In terms of grooming and maintenance the coat is easy to care for but does shed a moderate amount so be prepared for hair around the home, brushing once or twice a week at least and some vacuuming to do. It can have a houndy or musty scent to it, but that does not mean you should be bathing it a lot. When you give a dog bath, always using a dog shampoo, if done too often it can strip its natural oils from its skin, and that can lead to skin problems. Just bathe when needed.

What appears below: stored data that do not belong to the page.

(* Let $n\ge5$ be odd and $M$ an $n\times n$ HW-matrix. There is no spin$^c$ set for $M$.
   Context: $\mathcal S=\{0,1,2,3\}$ is the Klein four-group ($\mathbb Z_2$-vector space) with $x+x=0$, $1+2=3$, $1+3=2$, $2+3=1$. $\mathcal P_n$ is the power set of $\{1,\dots,n\}$ (addition = symmetric difference, product = intersection); $|U|_2=|U|\bmod 2$; $J_M(U)=\{j:\sum_{i\in U}M_{ij}=1\}$. $M$ is an HW-matrix if it has $1$ on the diagonal and $2$ or $3$ off the diagonal, all column sums are $0$, and $J_M(U)\ne\emptyset$ for all $U\ne\emptyset,\{1,\dots,n\}$. $S\in\mathcal P_n$ is a spin$^c$ set for $M$ if $|(J_M(U)+U)\cap S|_2=\binom{|U|}2\bmod 2$ for all $U\in\mathcal P_n$. *)

theory Defs
  imports Main
begin

text \<open>The Klein four-group S = {0,1,2,3}, realised as naturals below 4 with
  bitwise exclusive-or as addition (0 neutral, x+x=0, 1+2=3, 1+3=2, 2+3=1).\<close>

definition kplus :: "nat \<Rightarrow> nat \<Rightarrow> nat" where
  "kplus a b = xor a b"

definition ksum :: "(nat \<Rightarrow> nat) \<Rightarrow> nat set \<Rightarrow> nat" where
  "ksum f U = foldr (\<lambda>i acc. kplus (f i) acc) (sorted_list_of_set U) 0"

definition JM :: "(nat \<Rightarrow> nat \<Rightarrow> nat) \<Rightarrow> nat \<Rightarrow> nat set \<Rightarrow> nat set" where
  "JM M n U = {j \<in> {1..n}. ksum (\<lambda>i. M i j) U = 1}"

definition HW_matrix :: "nat \<Rightarrow> (nat \<Rightarrow> nat \<Rightarrow> nat) \<Rightarrow> bool" where
  "HW_matrix n M \<longleftrightarrow>
     (\<forall>i\<in>{1..n}. M i i = 1) \<and>
     (\<forall>i\<in>{1..n}. \<forall>j\<in>{1..n}. i \<noteq> j \<longrightarrow> M i j = 2 \<or> M i j = 3) \<and>
     (\<forall>j\<in>{1..n}. ksum (\<lambda>i. M i j) {1..n} = 0) \<and>
     (\<forall>U. U \<subseteq> {1..n} \<and> U \<noteq> {} \<and> U \<noteq> {1..n} \<longrightarrow> JM M n U \<noteq> {})"

definition symdiff :: "nat set \<Rightarrow> nat set \<Rightarrow> nat set" where
  "symdiff A B = (A - B) \<union> (B - A)"

definition spinc_set :: "nat \<Rightarrow> (nat \<Rightarrow> nat \<Rightarrow> nat) \<Rightarrow> nat set \<Rightarrow> bool" where
  "spinc_set n M S \<longleftrightarrow> S \<subseteq> {1..n} \<and>
     (\<forall>U. U \<subseteq> {1..n} \<longrightarrow>
        card (symdiff (JM M n U) U \<inter> S) mod 2 = (card U choose 2) mod 2)"

end

theory Submission
  imports Defs
begin

text \<open>Write A i j for M i j = 3 and colour every index k by the parity T k of the number of
  j \<in> S with M k j odd. The spin^c condition for two-element sets U = {k, l} says that, on S,
  A is a tournament inside each colour class and symmetric between the two classes, and that the
  (at most two) indices outside S have different colours; the condition J_M(U) \<noteq> {} for
  three-element sets makes each tournament transitive, i.e. a linear order. The vanishing column
  sums then say that, for k \<in> S, the rank of k in its class plus the number of its neighbours in
  the other class has a parity depending only on the class. Those cross neighbourhoods grow along
  the order, hence by at least one per step, and comparing the least and greatest elements of the
  two classes forces n to be even or at most 3.\<close>

section \<open>Sums in the Klein four-group\<close>

lemma kplus_bits:
  assumes "a < 4" "b < 4"
  shows "kplus a b = of_bool (odd a \<noteq> odd b) + 2 * of_bool ((2 \<le> a) \<noteq> (2 \<le> b))"
proof -
  have "a \<in> {0, 1, 2, 3}" "b \<in> {0, 1, 2, 3}" using assms by auto
  then show ?thesis unfolding kplus_def by auto
qed

lemma foldr_kplus_bits:
  assumes "\<forall>i\<in>set xs. f i < 4"
  shows "foldr (\<lambda>i acc. kplus (f i) acc) xs 0 =
    of_bool (odd (length (filter (\<lambda>i. odd (f i)) xs)))
    + 2 * of_bool (odd (length (filter (\<lambda>i. 2 \<le> f i) xs)))"
  using assms
proof (induction xs)
  case (Cons x xs)
  let ?s = "foldr (\<lambda>i acc. kplus (f i) acc) xs 0"
  have IH: "?s = of_bool (odd (length (filter (\<lambda>i. odd (f i)) xs)))
    + 2 * of_bool (odd (length (filter (\<lambda>i. 2 \<le> f i) xs)))"
    using Cons by simp
  have "?s < 4" unfolding IH by simp
  then have "foldr (\<lambda>i acc. kplus (f i) acc) (x # xs) 0
      = of_bool (odd (f x) \<noteq> odd ?s) + 2 * of_bool ((2 \<le> f x) \<noteq> (2 \<le> ?s))"
    using kplus_bits[of "f x" ?s] Cons.prems by simp
  moreover have "odd ?s \<longleftrightarrow> odd (length (filter (\<lambda>i. odd (f i)) xs))"
    and "2 \<le> ?s \<longleftrightarrow> odd (length (filter (\<lambda>i. 2 \<le> f i) xs))"
    unfolding IH by auto
  ultimately show ?case by auto
qed simp

lemma ksum_bits:
  assumes "finite U" "\<forall>i\<in>U. f i < 4"
  shows "ksum f U = of_bool (odd (card {i\<in>U. odd (f i)})) + 2 * of_bool (odd (card {i\<in>U. 2 \<le> f i}))"
proof -
  have length_filter: "length (filter P (sorted_list_of_set U)) = card {i\<in>U. P i}" for P
    using distinct_card[of "filter P (sorted_list_of_set U)"] assms(1) by auto
  show ?thesis
    unfolding ksum_def using foldr_kplus_bits[of "sorted_list_of_set U" f] assms
    by (simp add: length_filter)
qed

section \<open>HW-matrices and spin^c sets\<close>

lemma odd_card_pair_filter:
  assumes "k \<noteq> l"
  shows "odd (card {x\<in>{k, l}. P x}) \<longleftrightarrow> P k \<noteq> P l"
proof -
  have "{x\<in>{k, l}. P x} = (if P k then {k} else {}) \<union> (if P l then {l} else {})" by auto
  then show ?thesis using assms by auto
qed

lemma odd_card_filter_neq:
  assumes "finite X"
  shows "odd (card {x\<in>X. P x \<noteq> Q x}) \<longleftrightarrow> odd (card {x\<in>X. P x}) \<noteq> odd (card {x\<in>X. Q x})"
proof -
  let ?P = "{x\<in>X. P x}" and ?Q = "{x\<in>X. Q x}"
  have "card ?P + card ?Q = card (?P \<union> ?Q) + card (?P \<inter> ?Q)"
    by (rule card_Un_Int) (use assms in auto)
  moreover have "?P \<union> ?Q = {x\<in>X. P x \<noteq> Q x} \<union> (?P \<inter> ?Q)" by auto
  moreover have "card ({x\<in>X. P x \<noteq> Q x} \<union> (?P \<inter> ?Q)) = card {x\<in>X. P x \<noteq> Q x} + card (?P \<inter> ?Q)"
    by (rule card_Un_disjoint) (use assms in auto)
  ultimately have "card ?P + card ?Q = card {x\<in>X. P x \<noteq> Q x} + 2 * card (?P \<inter> ?Q)" by simp
  then show ?thesis by presburger
qed
lemma Theta_grid_endpoints_lim:
  "(\<lambda>k. Theta (u k k) - Theta (u 1 k)) \<longlonglongrightarrow> integral {0..1} psi / p\<^sup>2"
proof -
  have u_powr_le: "u j k powr p \<le> 1" if "j \<le> k + 1" for j k
    using that p by (auto simp: u_def field_simps intro!: powr_le1)
  have "(\<lambda>k. u k k) \<longlonglongrightarrow> 1"
    using LIMSEQ_n_over_Suc_n[where 'a=real] by (simp add: u_def add.commute)
  from tendsto_powr[OF this tendsto_const, of p] have "(\<lambda>k. u k k powr p) \<longlonglongrightarrow> 1"
    by simp
  then have "(\<lambda>k. Psi (u k k powr p)) \<longlonglongrightarrow> Psi 1"
    by (rule continuous_on_tendsto_compose[OF Psi_continuous]) (auto intro!: always_eventually u_powr_le)
  moreover have "(\<lambda>k. u 1 k powr p) \<longlonglongrightarrow> 0"
    using p one_over_Suc_powr_tendsto_zero[of p] by (simp add: u_def)
  then have "(\<lambda>k. Psi (u 1 k powr p)) \<longlonglongrightarrow> Psi 0"
    by (rule continuous_on_tendsto_compose[OF Psi_continuous]) (auto intro!: always_eventually u_powr_le)
  ultimately have "(\<lambda>k. Psi (u k k powr p) / p\<^sup>2 - Psi (u 1 k powr p) / p\<^sup>2) \<longlonglongrightarrow> Psi 1 / p\<^sup>2 - Psi 0 / p\<^sup>2"
    using p by (intro tendsto_intros) auto
  then show ?thesis unfolding Theta_def by (simp add: Psi_def)
qed

lemma coeff_sum_decomposition:
  fixes k :: nat
  defines "w i \<equiv> u i k powr b / real i"
    and "r i \<equiv> 1 / (real k + 1) * inner_sum k i - (Phi (u i k) - Phi (u 1 k))"
  shows "(\<Sum>i=2..k. coeff k i) =
    (\<Sum>i=2..k. w i * Phi (u i k)) - Phi (u 1 k) * (\<Sum>i=2..k. w i) + (\<Sum>i=2..k. w i * r i)"
proof -
  have "coeff k i = w i * Phi (u i k) - Phi (u 1 k) * w i + w i * r i" for i
    unfolding coeff_def w_def r_def by (simp add: algebra_simps)
  then show ?thesis by (simp add: sum.distrib sum_subtractf sum_distrib_left)
qed

lemma coeff_sum_Theta_error_le:
  obtains e C1 C2 C3 where "0 < e" "\<And>k. 1 \<le> k \<Longrightarrow>
    \<bar>(\<Sum>i=2..k. coeff k i) - (Theta (u k k) - Theta (u 1 k))\<bar>
      \<le> C1 * (1 / (real k + 1)) powr e + C2 * (1 / (real k + 1)) powr p
        + C3 * (1 / (real k + 1)) powr (p / 2)"
proof -
  obtain C where C: "0 \<le> C" "\<And>k i. 1 \<le> i \<Longrightarrow> i \<le> k \<Longrightarrow>
      \<bar>1 / (real k + 1) * inner_sum k i - (Phi (u i k) - Phi (u 1 k))\<bar> \<le> C * (1 / (real k + 1)) powr (p / 2)"
    using inner_sum_Riemann_error by blast
  obtain e C' where C': "0 < e" "\<And>k. 1 \<le> k \<Longrightarrow>
      \<bar>(\<Sum>i=2..k. u i k powr b / real i * Phi (u i k)) - (Theta (u k k) - Theta (u 1 k))\<bar>
        \<le> C' * (1 / (real k + 1)) powr e"
    using outer_sum_Riemann_error by blast
  obtain B where B: "0 \<le> B" "\<And>t. t \<in> {0<..<1} \<Longrightarrow> \<bar>Phi t\<bar> \<le> B * t powr p"
    using Phi_bound by blast
  define W where "W = 1 + 1 / b"
  show ?thesis
  proof (rule that[of e C' "W * B" "W * C"])
    fix k :: nat assume k: "1 \<le> k"
    define h where "h = 1 / (real k + 1)"
    define w where "w i = u i k powr b / real i" for i
    define r where "r i = h * inner_sum k i - (Phi (u i k) - Phi (u 1 k))" for i
    have w: "0 \<le> (\<Sum>i=2..k. w i)" "(\<Sum>i=2..k. w i) \<le> W"
      using order_trans[OF sum_mono2 grid_weight_sum_le[OF b, of k]]
      unfolding w_def W_def by (auto intro: sum_nonneg)
    have "\<bar>Phi (u 1 k) * (\<Sum>i=2..k. w i)\<bar> \<le> (B * h powr p) * W"
      unfolding abs_mult using B(2)[OF u_in_unit_interval[OF order_refl k]] B(1) w
      by (intro mult_mono) (auto simp: u_def h_def)
    moreover have "\<bar>w i * r i\<bar> \<le> w i * (C * h powr (p / 2))" if "i \<in> {2..k}" for i
    proof -
      have "\<bar>r i\<bar> \<le> C * h powr (p / 2)" using C(2)[of i k] that unfolding r_def h_def by auto
      moreover have "0 \<le> w i" unfolding w_def by simp
      ultimately show ?thesis by (simp add: abs_mult mult_left_mono)
    qed
    then have "\<bar>\<Sum>i=2..k. w i * r i\<bar> \<le> (\<Sum>i=2..k. w i) * (C * h powr (p / 2))"
      unfolding sum_distrib_right by (intro order_trans[OF sum_abs sum_mono]) auto
    moreover have "(\<Sum>i=2..k. w i) * (C * h powr (p / 2)) \<le> W * (C * h powr (p / 2))"
      using w C(1) by (intro mult_right_mono) auto
    ultimately show "\<bar>(\<Sum>i=2..k. coeff k i) - (Theta (u k k) - Theta (u 1 k))\<bar>
        \<le> C' * (1 / (real k + 1)) powr e + W * B * (1 / (real k + 1)) powr p
          + W * C * (1 / (real k + 1)) powr (p / 2)"
      using C'(2)[OF k] coeff_sum_decomposition[of k]
      unfolding h_def[symmetric] w_def[symmetric] r_def[symmetric]
      by (simp add: mult_ac)
  qed (use C' in auto)
qed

You can also have some regular care to perform, such as checking its ears for infection signs once a week. These signs include redness, sensitivity, swelling, discharge and a bad odor. Give the ears a clean once a week and use an ear cleanser with a cotton ball, or a damp cloth. Its teeth need to be brushed at least two to three times a week, if not daily. Then its nails need to be kept short too so it does not scratch up you and the home. If it is very active it may wear down long nails otherwise you need to trim them occasionally. There are proper dog nail clippers to be used and you should make sure you have done some homework on it. They have blood vessels and nerves in the lower part of them and if you cut into that it will hurt them and cause bleeding. Have the vet show you, or if you prefer not to do this have a groomer do it for you.

Feeding Time

Three to four cups of a good quality dry dog food should be enough for it on a daily basis, which should be split into at least two meals for it. How much it needs exactly can depend on a number of factors such as metabolism, level of activity, size, health and age. It does like its food, so watch how many treats you give it, try not to let it trick you into feeding it table scraps and remember it has a great nose, it can get into the garbage or unattended food very quickly.

How is the Bluetick Coonhound with children and other animals?

The Bluetick is a good dog around children, especially when it has been socialized and if raised with them. It will play with them, together they can burn off all that energy and get up to some antics together and it is also affectionate towards them. In general it is better with older children rather than toddlers as it can knock them over with its energy accidentally, so supervising the younger kids should be done if they are around. When it comes to small pets and other animals it is not as friendly, it is after all a hunting dog, these animals are prey to it. When raised with other pets and well socialized it learn to accept them and leave them be, but outside it will go after them. In general it gets on well with other dogs though some Blueticks are more dominant than others so there may be some pushing at each other as they establish the pecking order.

What Might Go Wrong?

Health Concerns

This dog should live for between 10 to 12 years. It is mostly a healthy breed but there are some issues to watch out for. They include hip dysplasia, eye problems, bloat, ear infections and Krabbes disease.

Biting Statistics

When looking at reports of dogs attacking people over the last 35 years in Canada and the US and causing bodily harm there are no reports that mention the Bluetick Coonhound. Key to this dogs behavior is proper training and socialization, and getting enough mental and physical stimulation. It is far less likely to have an off day or to react in an aggressive manner. But that does not mean this dog would never attack someone, all dogs have that potential in fact regardless of breed or size. Remember this breed is naturally wary around strangers and certain situations with a lack of proper care could result in it overreacting to a situation.

Your Pup’s Price Tag

A Bluetick Coonhound puppy will cost about $550 from a decent breeder of pet quality coonhounds. If you are looking to enter it in shows or trials and you want something from a top breeder you can expect to pay around two thousand dollars, possibly even more. It is important to buy from good breeders so that you can trust in the history you get on it and its parents nature and health. Avoid pet stores, puppy mills, and back yard breeders. For people looking to give a dog a second chance at a forever home there is also the option of checking out local rescues and shelters. The cost is less $50 to $200 and their medical needs are often dealt with. Most though tend to be adolescents or adults.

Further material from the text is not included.